自身の持つ最強魔法を、最高のタイミングで発動できたという自負が彼女にはあった。
それを退けた大魔道師リリィ。
「甘いわ。でも、さすがに無傷ってわけにはいかないわね。《ヒール》」
傷付いた身体を癒し、再び戦闘態勢に入ったリリィ。
彼女が今、発動したのは《火属性》と《風属性》で作り出した特大魔法だ。
詠唱時間の長い特大魔法が使えたのも、事前に防御力を高めておいたお陰である。
だが、短い時間に何度も魔法を使い、そして今も回復魔法を使ってしまった。
これではとてもSPの自動回復が追いつかない。
「くっ、回復魔法まで……!」
歯軋りをしたエアリー。
次の手を考えようにも、もう物理で攻めるしか手立てがない。
(……良かった。残りのSPが少なくなっていることは、バレていないみたいね)
余裕の表情を取り繕っていたリリィだが、彼女は内心焦っていた。
いくら魔法で防御力を高めることができ、特大魔法で敵を蹴散らすことができる大魔道師でも、SPが底をついてしまえば、いとも簡単に倒されてしまう。
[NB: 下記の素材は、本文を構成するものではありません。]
lemma riccati_residual_factorization:
  fixes A C F V D E T Ti :: "complex mat"
  assumes A: "A \<in> carrier_mat n n" and C: "C \<in> carrier_mat p n" and F: "F \<in> carrier_mat n n"
    and V: "V \<in> carrier_mat n k" and D: "D \<in> carrier_mat k k" and E: "E \<in> carrier_mat p k"
    and T: "T \<in> carrier_mat k k" and Ti: "Ti \<in> carrier_mat k k" "Ti * T = 1\<^sub>m k" "T * Ti = 1\<^sub>m k"
    and shift: "mat_adjoint A * V = V * D - mat_adjoint C * E"
    and sylvester: "mat_adjoint V * F * V = mat_adjoint D * T + T * D - mat_adjoint E * E"
  defines "X \<equiv> V * Ti * mat_adjoint V"
  shows "mat_adjoint C * C + mat_adjoint A * X + X * A - X * F * X
       = (mat_adjoint C - V * (Ti * mat_adjoint E)) * (C - E * Ti * mat_adjoint V)"
proof -
  let ?As = "mat_adjoint A" and ?Cs = "mat_adjoint C" and ?Vs = "mat_adjoint V"
    and ?Ds = "mat_adjoint D" and ?Es = "mat_adjoint E"
  have dims: "dim_row A = n" "dim_col A = n" "dim_row C = p" "dim_col C = n"
    "dim_row F = n" "dim_col F = n" "dim_row V = n" "dim_col V = k" "dim_row D = k" "dim_col D = k"
    "dim_row E = p" "dim_col E = k" "dim_row Ti = k" "dim_col Ti = k"
    using assms by auto
  have shift': "?Vs * A = ?Ds * ?Vs - ?Es * C"
  proof -
    have "?Vs * A = mat_adjoint (?As * V)"
      using mat_adjoint_mult[OF mat_adjoint_carrier[OF A] V] by simp
    also have "\<dots> = ?Ds * ?Vs - ?Es * C"
      unfolding shift
      using mat_adjoint_minus[OF mult_carrier_mat[OF V D] mult_carrier_mat[OF mat_adjoint_carrier[OF C] E]]
        mat_adjoint_mult[OF V D] mat_adjoint_mult[OF mat_adjoint_carrier[OF C] E] by simp
    finally show ?thesis .
  qed
  have sandwich: "Ti * (?Vs * F * V) * Ti = Ti * ?Ds + D * Ti - Ti * (?Es * (E * Ti))"
    unfolding sylvester using T Ti D E by (intro sylvester_inverse_sandwich) auto
  have AX: "?As * X = V * (D * (Ti * ?Vs)) - ?Cs * (E * (Ti * ?Vs))"
  proof -
    have "?As * X = (?As * V) * (Ti * ?Vs)"
      by (simp add: X_def assoc_mult_mat_dim dims)
    also have "\<dots> = (V * D - ?Cs * E) * (Ti * ?Vs)"
      unfolding shift ..
    finally show ?thesis by (simp add: mult_distrib_mat_dim assoc_mult_mat_dim dims)
  qed
  have XA: "X * A = V * (Ti * (?Ds * ?Vs)) - V * (Ti * (?Es * C))"
  proof -
    have "X * A = V * (Ti * (?Vs * A))"
      by (simp add: X_def assoc_mult_mat_dim dims)
    also have "\<dots> = V * (Ti * (?Ds * ?Vs - ?Es * C))"
      unfolding shift' ..
    finally show ?thesis by (simp add: mult_distrib_mat_dim assoc_mult_mat_dim dims)
  qed
  have XFX: "X * F * X
      = V * (Ti * (?Ds * ?Vs)) + V * (D * (Ti * ?Vs)) - V * (Ti * (?Es * (E * (Ti * ?Vs))))"
  proof -
    have "X * F * X = V * ((Ti * (?Vs * F * V) * Ti) * ?Vs)"
      by (simp add: X_def assoc_mult_mat_dim dims)
    also have "\<dots> = V * ((Ti * ?Ds + D * Ti - Ti * (?Es * (E * Ti))) * ?Vs)"
      unfolding sandwich ..
    finally show ?thesis by (simp add: mult_distrib_mat_dim assoc_mult_mat_dim dims)
  qed
  have factor: "(?Cs - V * (Ti * ?Es)) * (C - E * Ti * ?Vs)
      = ?Cs * C - V * (Ti * (?Es * C)) - (?Cs * (E * (Ti * ?Vs)) - V * (Ti * (?Es * (E * (Ti * ?Vs)))))"
    by (simp add: mult_distrib_mat_dim assoc_mult_mat_dim dims)
  show ?thesis
    unfolding AX XA XFX factor by (rule eq_matI) (auto simp: dims)
qed

lemma bordered_mult_column:
  fixes c V u :: "'a :: comm_ring_1 mat"
  assumes c: "c \<in> carrier_mat n 1" and V: "V \<in> carrier_mat n k" and u: "u \<in> carrier_mat k 1"
  shows "mat n (k+1) (\<lambda>(i,j). if j = 0 then c $$ (i,0) else V $$ (i, j-1))
           * mat (k+1) 1 (\<lambda>(i,_). if i = 0 then 1 else - u $$ (i-1, 0)) = c - V * u"
    (is "?L = _")
proof (rule eq_matI)
  fix i j assume "i < dim_row (c - V * u)" "j < dim_col (c - V * u)"
  then show "?L $$ (i,j) = (c - V * u) $$ (i,j)"
    using c V u by (simp add: scalar_prod_def sum.atLeast0_lessThan_Suc_shift sum_negf del: sum.op_ivl_Suc)
qed (use c V u in auto)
上手く相手を騙し、SPの底値を知られないことが勝利の近道ともいえる大魔道師の戦法――。
「ねえ、貴女……エアリーって言ったかしら」
聖杖を下ろし、策略を練るリリィ。
少しでもSPの自動回復のための時間を稼ぎたい――。
動揺を隠し、完璧な演技でこの場を乗りきるつもりで、彼女は話す。
「エルフ族ってことは、《エルフの里》の出身ってことよね」
「……それが、なにか?」
ぴくりと耳を動かし、リリィの言葉に反応したエアリー。
すでに彼女の術中に嵌っているとも知らずに――。
「確か、前にアルゼインから聞いたわ。エルフの里の族長の要請で、部族内の争いを止めに入ったことがあるって」
「!!」
リリィの言葉に明らかに動揺したエアリー。
そして、それがリリィの策略だと気付き、再び剣を抜こうとするが――。
「『エルフィンランド』――。エルフの国に住む貴方達は、決して恩を忘れない種族らしいわね」
「黙って!」
剣を抜き、大声で叫ぶエアリー。
その叫び声はまるで、泣き叫ぶ少女のようで――。
「貴女は2度も裏切ったのよ。カズハの気持ちと、アルゼインの厚意」
「うるさい! もう、黙って……」
剣を落とし、耳を塞いでしまったエアリー。
少し心を痛めたリリィだったが、これで十分時間は稼げた。
再び聖杖を構え、容赦なくエアリーに言い放つ。
「貴女はまだ、心が弱いわ。本当に信じているものがあるのならば、こんな戯言なんて鼻で笑って吹き飛ばせるのに」
聖杖に赤く燃える光が集まる。
《火属性》と《光属性》の特大魔法――。
先ほどの戦闘からずっと、リリィは分析をしていた。
木魔法を使いこなす者は、高確率で《火》を弱点として持つこと。
そして最初に使った光魔法で作り出した盾で、彼女の剣閃が予想以上に大きく弾き返せたこと――。
大魔道師は属性魔法を使いこなすスペシャリストだ。
当然、相手の『弱点属性』を見抜く術を日々磨いている。
リリィは確信していた。
エアリーの弱点属性は《火》と《光》であると。
ならば、この一発に賭けよう。
すべてのSPを注ぎ込み、特大のオリジナル魔法で――。
「しまっ――」
「遅いわ。――《神聖なる大炎槍》!!」
聖杖から放たれた、炎に包まれた一本の大槍。
それが光のスピードでエアリーに襲い掛かる。
「ぐっ……!!」
間一髪、細剣を抜き、受け止めたエアリー。
しかし徐々に身体ごと後方へと押しやられていく。
「無駄よ。その槍は、決して貴女を逃がさない」
後ろを向き、それだけ言い残したリリィ。
そして――。
「う……ううう……! ユウリ……様……!! ああああああああああああ!!!」
弾かれた剣は宙を舞い――。
――エルフ少女は信じる者の名を叫びながら、敗北の二文字を突きつけられる。
勝者、リリィ・ゼアルロッド――。